Walker CB, Redding-Johanson AM, Baidoo EE, Rajeev L, He Z, Hendrickson EL, Joachimiak MP, Stolyar S, Arkin AP, Leigh JA, Zhou J, Keasling JD, Mukhopadhyay A, Stahl DA - ISME J (2012)

Bottom Line: These measurements indicate a decrease in transcript abundance for energy-consuming biosynthetic functions in syntrophically grown M. maripaludis, with an increase in transcript abundance for genes involved in the energy-generating central pathway for methanogenesis.A common theme was an apparent increase in transcripts for functions using H(2) directly as reductant, versus those using the reduced deazaflavin (coenzyme F(420)).The greater importance of direct reduction by H(2) was supported by improved syntrophic growth of a deletion mutant in an F(420)-dependent dehydrogenase of M. maripaludis.

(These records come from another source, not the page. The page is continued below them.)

lemma is_DNS_mono:
  assumes "W \<subseteq> V" "is_DNS W E S"
  shows "is_DNS V E S"
  unfolding is_DNS_def
proof (intro conjI allI impI)
  show "distinct S" "set S \<subseteq> V"
    using assms by (auto dest: is_DNS_distinct is_DNS_subset)
  fix i
  assume i: "i < length S"
  then obtain u where u: "u \<in> closed_nbhd W E (S ! i)"
    "card {j. j < i \<and> u \<in> closed_nbhd W E (S ! j)} \<le> 1"
    using assms(2) unfolding is_DNS_def by blast
  have "S ! i \<in> W"
    using is_DNS_subset[OF assms(2)] i by (meson nth_mem subsetD)
  then have "u \<in> W"
    using u(1) by (rule subsetD[OF closed_nbhd_subset])
  then have "u \<in> closed_nbhd V E (S ! i)"
    and "{j. j < i \<and> u \<in> closed_nbhd V E (S ! j)} = {j. j < i \<and> u \<in> closed_nbhd W E (S ! j)}"
    using u(1) mem_closed_nbhd_iff_of_subset[OF _ assms(1)] by blast+
  with u(2) show "\<exists>u \<in> closed_nbhd V E (S ! i).
      card {j. j < i \<and> u \<in> closed_nbhd V E (S ! j)} \<le> 1"
    by metis
qed

lemma is_DNS_map_automorphism:
  assumes "inj f" "\<And>x. f x \<in> V \<longleftrightarrow> x \<in> V" "\<And>x y. E (f x) (f y) \<longleftrightarrow> E x y"
    and "is_DNS V E S"
  shows "is_DNS V E (map f S)"
  unfolding is_DNS_def
proof (intro conjI allI impI)
  have nbhd: "f u \<in> closed_nbhd V E (f y) \<longleftrightarrow> u \<in> closed_nbhd V E y" for u y
    using assms(1-3) by (auto simp: closed_nbhd_def open_nbhd_def inj_eq)
  show "distinct (map f S)" "set (map f S) \<subseteq> V"
    using assms(1,2) is_DNS_distinct[OF assms(4)] is_DNS_subset[OF assms(4)]
    by (auto simp: distinct_map inj_on_subset)
  fix i
  assume i: "i < length (map f S)"
  then obtain u where "u \<in> closed_nbhd V E (S ! i)"
    "card {j. j < i \<and> u \<in> closed_nbhd V E (S ! j)} \<le> 1"
    using assms(4) unfolding is_DNS_def by auto
  moreover have "{j. j < i \<and> f u \<in> closed_nbhd V E (map f S ! j)}
      = {j. j < i \<and> u \<in> closed_nbhd V E (S ! j)}"
    using i nbhd by auto
  ultimately show "\<exists>u \<in> closed_nbhd V E (map f S ! i).
      card {j. j < i \<and> u \<in> closed_nbhd V E (map f S ! j)} \<le> 1"
    using i nbhd by (intro bexI[of _ "f u"]) auto
qed

lemma is_DNS_removeAll_false_twin:
  assumes G: "simple_graph V E" and twins: "false_twins V E v v'" and "v \<noteq> v'"
    and S: "is_DNS V E S" and first: "precedes S v' v"
  shows "is_DNS (V - {v'}) E (removeAll v' S)"
  unfolding is_DNS_iff_prefixes
proof (intro conjI allI impI)
  show "distinct (removeAll v' S)" "set (removeAll v' S) \<subseteq> V - {v'}"
    using is_DNS_distinct[OF S] is_DNS_subset[OF S] by (auto simp: distinct_removeAll)
  fix xs' x ys'
  assume split: "removeAll v' S = xs' @ x # ys'"
  then obtain xs ys where Sx: "S = xs @ x # ys" and xs': "xs' = removeAll v' xs"
    using removeAll_eq_append_ConsD by metis
  have "x \<in> set (removeAll v' S)"
    unfolding split by simp
  then have "x \<noteq> v'"
    by simp
  have "x \<in> V"
    using is_DNS_subset[OF S] Sx by auto
  obtain u where u: "u \<in> closed_nbhd V E x" "card {y \<in> set xs. u \<in> closed_nbhd V E y} \<le> 1"
    using S Sx unfolding is_DNS_iff_prefixes by blast
  have "u \<in> V"
    using u(1) closed_nbhd_subset[OF \<open>x \<in> V\<close>] by blast
  show "\<exists>u \<in> closed_nbhd (V - {v'}) E x.
      card {y \<in> set xs'. u \<in> closed_nbhd (V - {v'}) E y} \<le> 1"
  proof (cases "u = v'")
    case False
    then have "u \<in> V - {v'}"
      using \<open>u \<in> V\<close> by blast
    then have nbhd: "u \<in> closed_nbhd (V - {v'}) E y \<longleftrightarrow> u \<in> closed_nbhd V E y" for y
      by (rule mem_closed_nbhd_iff_of_subset) blast
    then have "u \<in> closed_nbhd (V - {v'}) E x"
      using u(1) by blast
    moreover have "{y \<in> set xs'. u \<in> closed_nbhd (V - {v'}) E y}
        \<subseteq> {y \<in> set xs. u \<in> closed_nbhd V E y}"
      using nbhd xs' by auto
    then have "card {y \<in> set xs'. u \<in> closed_nbhd (V - {v'}) E y}
        \<le> card {y \<in> set xs. u \<in> closed_nbhd V E y}"
      by (rule card_mono[rotated]) simp
    ultimately show ?thesis
      using u(2) by (intro bexI[of _ u]) auto
  next
    case True
    text \<open>The twin \<open>v\<close> takes over as witness; since \<open>v'\<close> precedes \<open>v\<close>, the transposition
      maps the prefix vertices dominating \<open>v\<close> into those that dominated \<open>v'\<close>.\<close>
    have v: "v \<in> V - {v'}"
      using twins \<open>v \<noteq> v'\<close> by (auto simp: false_twins_def)
    have "E x v"
      using True u(1) \<open>x \<noteq> v'\<close> false_twins_adj_iff[OF G twins]
      by (auto simp: closed_nbhd_def open_nbhd_def)
    then have "v \<in> closed_nbhd (V - {v'}) E x"
      using v by (auto simp: closed_nbhd_def open_nbhd_def)
    have "{y \<in> set xs'. v \<in> closed_nbhd (V - {v'}) E y}
        \<subseteq> transpose v v' ` {y \<in> set xs. v' \<in> closed_nbhd V E y}"
    proof
      fix y
      assume y: "y \<in> {y \<in> set xs'. v \<in> closed_nbhd (V - {v'}) E y}"
      show "y \<in> transpose v v' ` {y \<in> set xs. v' \<in> closed_nbhd V E y}"
      proof (cases "y = v")
        case True
        then have "v' \<in> set xs"
          using y xs' first Sx precedes_append[of xs "x # ys" v' v] by auto
        then show ?thesis
          using True by (intro image_eqI[of _ _ v']) (auto simp: closed_nbhd_def)
      next
        case False
        have "y \<in> set xs" "y \<noteq> v'" "v \<in> closed_nbhd (V - {v'}) E y"
          using y xs' by auto
        then have "E y v'"
          using False false_twins_adj_iff[OF G twins] by (simp add: closed_nbhd_def open_nbhd_def)
        then have "v' \<in> closed_nbhd V E y"
          using twins by (simp add: closed_nbhd_def open_nbhd_def false_twins_def)
        then show ?thesis
          using \<open>y \<in> set xs\<close> \<open>y \<noteq> v'\<close> False by (intro image_eqI[of _ _ y]) auto
      qed
    qed
    then have "card {y \<in> set xs'. v \<in> closed_nbhd (V - {v'}) E y}
        \<le> card (transpose v v' ` {y \<in> set xs. v' \<in> closed_nbhd V E y})"
      by (rule card_mono[rotated]) simp
    also have "\<dots> \<le> card {y \<in> set xs. v' \<in> closed_nbhd V E y}"
      by (rule card_image_le) simp
    also have "\<dots> \<le> 1"
      using u(2) True by simp
    finally show ?thesis
      using \<open>v \<in> closed_nbhd (V - {v'}) E x\<close> by blast
  qed
qed

lemma false_twins_reorder_DNS:
  assumes "simple_graph V E" "false_twins V E v v'" "v \<noteq> v'" "is_DNS V E S"
  obtains S' where "is_DNS V E S'" "length S' = length S" "precedes S' v' v"
proof (cases "precedes S v' v")
  case False
  then have "precedes S v v'"
    using precedes_total assms(3) by metis
  then have "precedes (map (transpose v v') S) v' v"
    using precedes_map[OF inj_transpose, of S v v' v v'] by simp
  moreover have "is_DNS V E (map (transpose v v') S)"
  proof (rule is_DNS_map_automorphism[OF inj_transpose _ _ assms(4)])
    show "transpose v v' x \<in> V \<longleftrightarrow> x \<in> V" for x
      using assms(2) by (auto simp: false_twins_def transpose_def)
    show "E (transpose v v' x) (transpose v v' y) \<longleftrightarrow> E x y" for x y
      by (rule false_twins_transpose_adj_iff[OF assms(1,2)])
  qed
  ultimately show ?thesis
    using that by simp
qed (use that assms(4) in blast)

lemma finite_DNS_lengths:
  assumes "finite V"
  shows "finite {length S | S. is_DNS V E S}"
proof (rule finite_subset)
  have "length S \<le> card V" if "is_DNS V E S" for S
    using distinct_card[OF is_DNS_distinct[OF that]] card_mono[OF assms is_DNS_subset[OF that]]
    by simp
  then show "{length S | S. is_DNS V E S} \<subseteq> {..card V}"
    by auto
qed simp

View Article: PubMed Central - PubMed

Affiliation: Department of Civil and Environmental Engineering, University of Washington, Seattle, WA, USA.

ABSTRACT
Methanococcus maripaludis grown syntrophically with Desulfovibrio vulgaris was compared with M. maripaludis monocultures grown under hydrogen limitation using transcriptional, proteomic and metabolite analyses. These measurements indicate a decrease in transcript abundance for energy-consuming biosynthetic functions in syntrophically grown M. maripaludis, with an increase in transcript abundance for genes involved in the energy-generating central pathway for methanogenesis. Compared with growth in monoculture under hydrogen limitation, the response of paralogous genes, such as those coding for hydrogenases, often diverged, with transcripts of one variant increasing in relative abundance, whereas the other was little changed or significantly decreased in abundance. A common theme was an apparent increase in transcripts for functions using H(2) directly as reductant, versus those using the reduced deazaflavin (coenzyme F(420)). The greater importance of direct reduction by H(2) was supported by improved syntrophic growth of a deletion mutant in an F(420)-dependent dehydrogenase of M. maripaludis. These data suggest that paralogous genes enable the methanogen to adapt to changing substrate availability, sustaining it under environmental conditions that are often near the thermodynamic threshold for growth. Additionally, the discovery of interspecies alanine transfer adds another metabolic dimension to this environmentally relevant mutualism.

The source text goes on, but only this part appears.